1. Да, она совсем сошла с ума.

2. Нужно срочно ехать в университет.

Любимое развлечение одной преподавательницы: любыми доступными способами доставить нам максимальное количество неудобств. То ли она реально не понимает, что делает, то ли нарочно издевается.

Высотные дома, окружившие наш двор, были выкрашены в светло-розовый цвет, как небо перед рассветом. Десяток домов. Сотни квартир. Тысячи жильцов, волей судьбы живущих рядом, но не знакомых друг с другом. И у каждого – своя история.

***

В университете группу ожидал сюрприз – к последнему экзамену половина из нас не допущена. Наталья Петровна не зачла работу в семестре, не зачла рефераты и доклады, не зачла выступления на конференциях и отсутствие пропусков. Хотя прежде она говорила совершенно иное. Все было настолько плохо, что я сидела в аудитории и подумывала о том, что отчисление проходит довольно быстро и безболезненно. Если прямо сейчас озвучить свои пожелания, то через неделю точно будешь абсолютно свободным человеком.

Слушать Наталья Петровна никого не стала, попрощалась и ушла. Это обидно. Это несправедливо. И, как оказалось, с этим бесполезно бороться.

– И мы это стерпим? – сказала Мила, покидая аудиторию вместе со всеми.

– А что тут можно сделать? – спросил Дима. Вопрос, скорее, риторический. Ведь все знают, что это тупик.

– Как минимум, пожаловаться кому-нибудь, – продолжила Мила.

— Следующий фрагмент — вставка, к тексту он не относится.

lemma norm_const_bcontfun:
  "norm (const_bcontfun c :: ('a::topological_space, 'b::real_normed_vector) bcontfun) = norm c"
  using norm_bound[of "const_bcontfun c :: ('a, 'b) bcontfun" "norm c"]
        norm_bounded[of "const_bcontfun c :: ('a, 'b) bcontfun" undefined]
  by simp

lemma bcontfun_norm_attained:
  fixes z :: "('a::topological_space, 'b::real_normed_vector) bcontfun"
  assumes "compact (UNIV :: 'a set)"
  obtains t where "norm (z t) = norm z"
proof -
  have "continuous_on UNIV (\<lambda>t. norm (z t))" by (intro continuous_intros) auto
  then obtain t where t: "\<forall>s. norm (z s) \<le> norm (z t)"
    using continuous_attains_sup[OF assms] by blast
  have "norm z \<le> norm (z t)" by (rule norm_bound) (use t in auto)
  then show ?thesis using that[of t] norm_bounded[of z t] by simp
qed

lemma bounded_linear_apply_bcontfun:
  "bounded_linear (\<lambda>h::('a::topological_space, 'b::real_normed_vector) bcontfun. h t)"
  by (rule bounded_linear_intro[where K=1]) (auto simp: norm_bounded)

lemma onorm_comp_apply_bcontfun:
  fixes f :: "'b::real_normed_vector \<Rightarrow> real"
  assumes f: "bounded_linear f"
  shows "onorm (\<lambda>h::('a::topological_space, 'b) bcontfun. f (h t)) = onorm f"
    (is "onorm ?F = _")
proof (rule antisym)
  have F: "bounded_linear ?F"
    by (rule bounded_linear_compose[OF f bounded_linear_apply_bcontfun])
  show "onorm ?F \<le> onorm f"
  proof (rule onorm_bound)
    fix h :: "('a, 'b) bcontfun"
    have "norm (f (h t)) \<le> onorm f * norm (h t)" by (rule onorm[OF f])
    also have "\<dots> \<le> onorm f * norm h"
      by (rule mult_left_mono[OF norm_bounded onorm_pos_le[OF f]])
    finally show "norm (?F h) \<le> onorm f * norm h" .
  qed (rule onorm_pos_le[OF f])
  show "onorm f \<le> onorm ?F"
  proof (rule onorm_bound)
    fix x
    have "norm (f x) = norm (?F (const_bcontfun x))" by simp
    also have "\<dots> \<le> onorm ?F * norm (const_bcontfun x :: ('a, 'b) bcontfun)"
      by (rule onorm[OF F])
    finally show "norm (f x) \<le> onorm ?F * norm x" by (simp add: norm_const_bcontfun)
  qed (rule onorm_pos_le[OF F])
qed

– Кому? Заведующей кафедрой? Так я тебя расстрою – это с ней ты сейчас разговаривала. Предлагаешь пожаловаться ей на нее же? – Дима не оценил энтузиазма Милы.

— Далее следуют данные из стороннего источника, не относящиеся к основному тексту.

lemma binomial_dvd_prob_fourier:
  assumes "0 < d"
  shows "of_real (binomial_dvd_prob a k d r) =
    (1 / of_nat d) * (\<Sum>t<d. cis (2 * pi * real t / real d) ^ r * bernoulli_char a d t ^ k)"
proof -
  let ?\<zeta> = "\<lambda>t. cis (2 * pi * real t / real d)"
  have "of_real (binomial_dvd_prob a k d r) =
      (\<Sum>b\<le>k. of_real (binomial_weight a k b) * ((1 / of_nat d) * (\<Sum>t<d. ?\<zeta> t ^ (r + b))))"
    unfolding binomial_dvd_prob_def of_bool_dvd_fourier[OF assms, symmetric] by simp
  also have "\<dots> = (1 / of_nat d) *
      (\<Sum>t<d. ?\<zeta> t ^ r * (\<Sum>b\<le>k. of_real (binomial_weight a k b) * ?\<zeta> t ^ b))"
    by (simp add: sum_distrib_left sum_distrib_right sum.swap[of _ "{..<d}"] power_add mult_ac)
  also have "\<dots> = (1 / of_nat d) * (\<Sum>t<d. ?\<zeta> t ^ r * bernoulli_char a d t ^ k)"
    by (simp add: sum_binomial_weight_power bernoulli_char_def add.commute)
  finally show ?thesis .
qed

lemma norm_bernoulli_char_squared:
  "cmod (bernoulli_char a d t) ^ 2 = 1 - 2 * a * (1 - a) * (1 - cos (2 * pi * real t / real d))"
proof -
  let ?\<theta> = "2 * pi * real t / real d"
  have "cmod (bernoulli_char a d t) ^ 2 = ((1 - a) + a * cos ?\<theta>)^2 + a^2 * (sin ?\<theta>)^2"
    by (simp add: bernoulli_char_def cmod_power2 power_mult_distrib)
  also have "\<dots> = 1 - 2 * a * (1 - a) * (1 - cos ?\<theta>)"
    by (simp only: sin_squared_eq) (simp add: power2_eq_square algebra_simps)
  finally show ?thesis .
qed

lemma norm_bernoulli_char_reflect:
  assumes "t \<le> d" shows "cmod (bernoulli_char a d (d - t)) = cmod (bernoulli_char a d t)"
proof -
  have "cos (2 * pi * real (d - t) / real d) = cos (2 * pi * real t / real d)"
  proof (cases "d = 0")
    case False
    then have "2 * pi * real (d - t) / real d = 2 * pi - 2 * pi * real t / real d"
      using assms by (simp add: of_nat_diff field_simps)
    then show ?thesis by (simp add: cos_diff)
  qed simp
  then have "cmod (bernoulli_char a d (d - t)) ^ 2 = cmod (bernoulli_char a d t) ^ 2"
    by (simp add: norm_bernoulli_char_squared)
  then show ?thesis by (simp add: power2_eq_iff_nonneg)
qed

lemma norm_bernoulli_char_le_exp:
  assumes a: "0 \<le> a" "a \<le> 1" and "0 < d" "2 * t \<le> d"
  shows "cmod (bernoulli_char a d t) \<le> exp (- (2 * a * (1 - a) * (real t / real d)^2))"
proof -
  define \<beta> where "\<beta> = a * (1 - a)"
  define \<theta> where "\<theta> = 2 * pi * real t / real d"
  have \<beta>: "0 \<le> \<beta>" using a by (simp add: \<beta>_def)
  have "\<theta> \<le> pi"
    using assms pi_gt3 by (simp add: \<theta>_def divide_le_eq)
  then have "\<theta>^2/18 \<le> 1 - cos \<theta>" by (intro one_minus_cos_ge_square) (simp add: \<theta>_def)
  moreover have "2 * (real t / real d)^2 \<le> \<theta>^2/18"
  proof -
    have "3^2 \<le> pi^2" using pi_gt3 by (intro power_mono) auto
    then show ?thesis by (simp add: \<theta>_def power_divide power_mult_distrib divide_simps mult_right_mono)
  qed
  ultimately have "2 * \<beta> * (2 * (real t / real d)^2) \<le> 2 * \<beta> * (1 - cos \<theta>)"
    using \<beta> by (intro mult_left_mono) auto
  then have "cmod (bernoulli_char a d t) ^ 2 \<le> 1 + (- (4 * \<beta> * (real t / real d)^2))"
    by (simp add: norm_bernoulli_char_squared \<beta>_def \<theta>_def)
  also have "\<dots> \<le> exp (- (4 * \<beta> * (real t / real d)^2))"
    by (rule exp_ge_add_one_self)
  also have "\<dots> = exp (- (2 * \<beta> * (real t / real d)^2)) ^ 2"
    by (simp add: power2_eq_square flip: exp_add)
  finally have "cmod (bernoulli_char a d t) \<le> exp (- (2 * \<beta> * (real t / real d)^2))"
    by (rule power2_le_imp_le) simp
  then show ?thesis by (simp add: \<beta>_def mult.assoc)
qed

lemma norm_bernoulli_char_power_le_half:
  assumes "0 \<le> a" "a \<le> 1" and "0 < d" "2 * t \<le> d"
  shows "cmod (bernoulli_char a d t) ^ k \<le> 2 / (1 + sqrt (2 * a * (1 - a) * real k) * real t / real d)^2"
proof -
  define u where "u = sqrt (2 * a * (1 - a) * real k) * real t / real d"
  have u: "0 \<le> u" using assms by (simp add: u_def)
  have "u^2 = real k * (2 * a * (1 - a) * (real t / real d)^2)"
    using assms by (simp add: u_def power_mult_distrib power_divide)
  then have "exp (- (2 * a * (1 - a) * (real t / real d)^2)) ^ k = exp (- (u^2))"
    by (simp flip: exp_of_nat_mult)
  then have "cmod (bernoulli_char a d t) ^ k \<le> exp (- (u^2))"
    using norm_bernoulli_char_le_exp[OF assms] by (metis norm_ge_zero power_mono)
  also have "\<dots> \<le> 2 / (1 + u)^2" by (rule exp_neg_square_le[OF u])
  finally show ?thesis by (simp add: u_def)
qed

lemma norm_bernoulli_char_power_le:
  fixes k :: nat
  assumes "0 \<le> a" "a \<le> 1" and "t < d"
  defines "b \<equiv> sqrt (2 * a * (1 - a) * real k) / real d"
  shows "cmod (bernoulli_char a d t) ^ k \<le> 2 / (1 + b * real t)^2 + 2 / (1 + b * real (d - t))^2"
proof (cases "2 * t \<le> d")
  case True
  then have "cmod (bernoulli_char a d t) ^ k \<le> 2 / (1 + b * real t)^2"
    using norm_bernoulli_char_power_le_half[of a d t k] assms by (simp add: b_def)
  then show ?thesis by (rule add_increasing2[rotated]) simp
next
  case False
  then have "cmod (bernoulli_char a d (d - t)) ^ k \<le> 2 / (1 + b * real (d - t))^2"
    using norm_bernoulli_char_power_le_half[of a d "d - t" k] assms by (simp add: b_def)
  moreover have "cmod (bernoulli_char a d (d - t)) = cmod (bernoulli_char a d t)"
    using norm_bernoulli_char_reflect[of "d - t" d a] assms by simp
  ultimately have "cmod (bernoulli_char a d t) ^ k \<le> 2 / (1 + b * real (d - t))^2" by simp
  then show ?thesis by (rule add_increasing[rotated]) simp
qed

– Есть декан. Ректор, в конце концов. Можем пойти и добиться того, чтобы ее наказали за это.

Мила у нас полна необоснованного оптимизма.

Я махнула рукой на экзамен. Оно и к лучшему. Освободилась от сессии на три дня раньше, а пересдать можно и в сентябре.

Я вышла на улицу.

Примерно через три квартала вспомнила, что что-то не сделала. Забыла. Наверное, пора покупать таблетки для улучшения памяти. Проходящая мимо женщина так громко говорила по телефону, что я не могла сосредоточиться на своих мыслях. Телефон. Я не позвонила Диане! Конечно, если она вне зоны доступа, то в этом нет никакого смысла, но ради самоуспокоения позвонить нужно. Торопливо набрала номер. Недоступна. Это меня нисколько не беспокоило, Диана иногда не берет трубку неделями, если она забралась в горы.

Летом по вечерам в Петербурге пахнет морем. Невысокие дома в центральных районах, узкие улочки, стройные ряды маленьких магазинчиков вдоль дорог – все напоминает мне курортные города. Иногда, сидя в кафе на Большом проспекте, я совершенно забывала, что нахожусь в северной столице: запах моря, свежей выпечки и цветов, отблески закатного солнца уносили меня далеко-далеко, к южным берегам. В такие вечера я всегда звонила Диане. И, если она отвечала, то неизменно рассказывала о том, как красиво жить на берегу океана: встречать рассветы в открытом море, качаясь на волнах; ужинать на пляже под шум прибоя; подниматься в горы, чтобы оттуда увидеть красоту тропических лесов. Потом она присылала фотографии, которые лично делала в самых разных уголках Индии. Две главных ее страсти: приключения и фотографии. И я ей завидовала.

Диана прислала сообщение, что с ней все в порядке, и попросила передать маме приветствие на сегодняшнем ужине. Я вспомнила, что у меня нет времени на подготовку к юбилею Александра Петровича. Не было времени ни на что. Поездка в университет «съела» свободные минутки, а спешка никогда не приносила ничего хорошего, но ехать все равно придется.

***

В пафосном ресторане все вокруг было белым. Это резало глаза после того, как я вылезла из темного такси, водитель которого трижды подъехал не к тому дому. Расплатившись и не дослушав извинения, выскочила и побежала к входу. В тот момент я опаздывала на двадцать минут.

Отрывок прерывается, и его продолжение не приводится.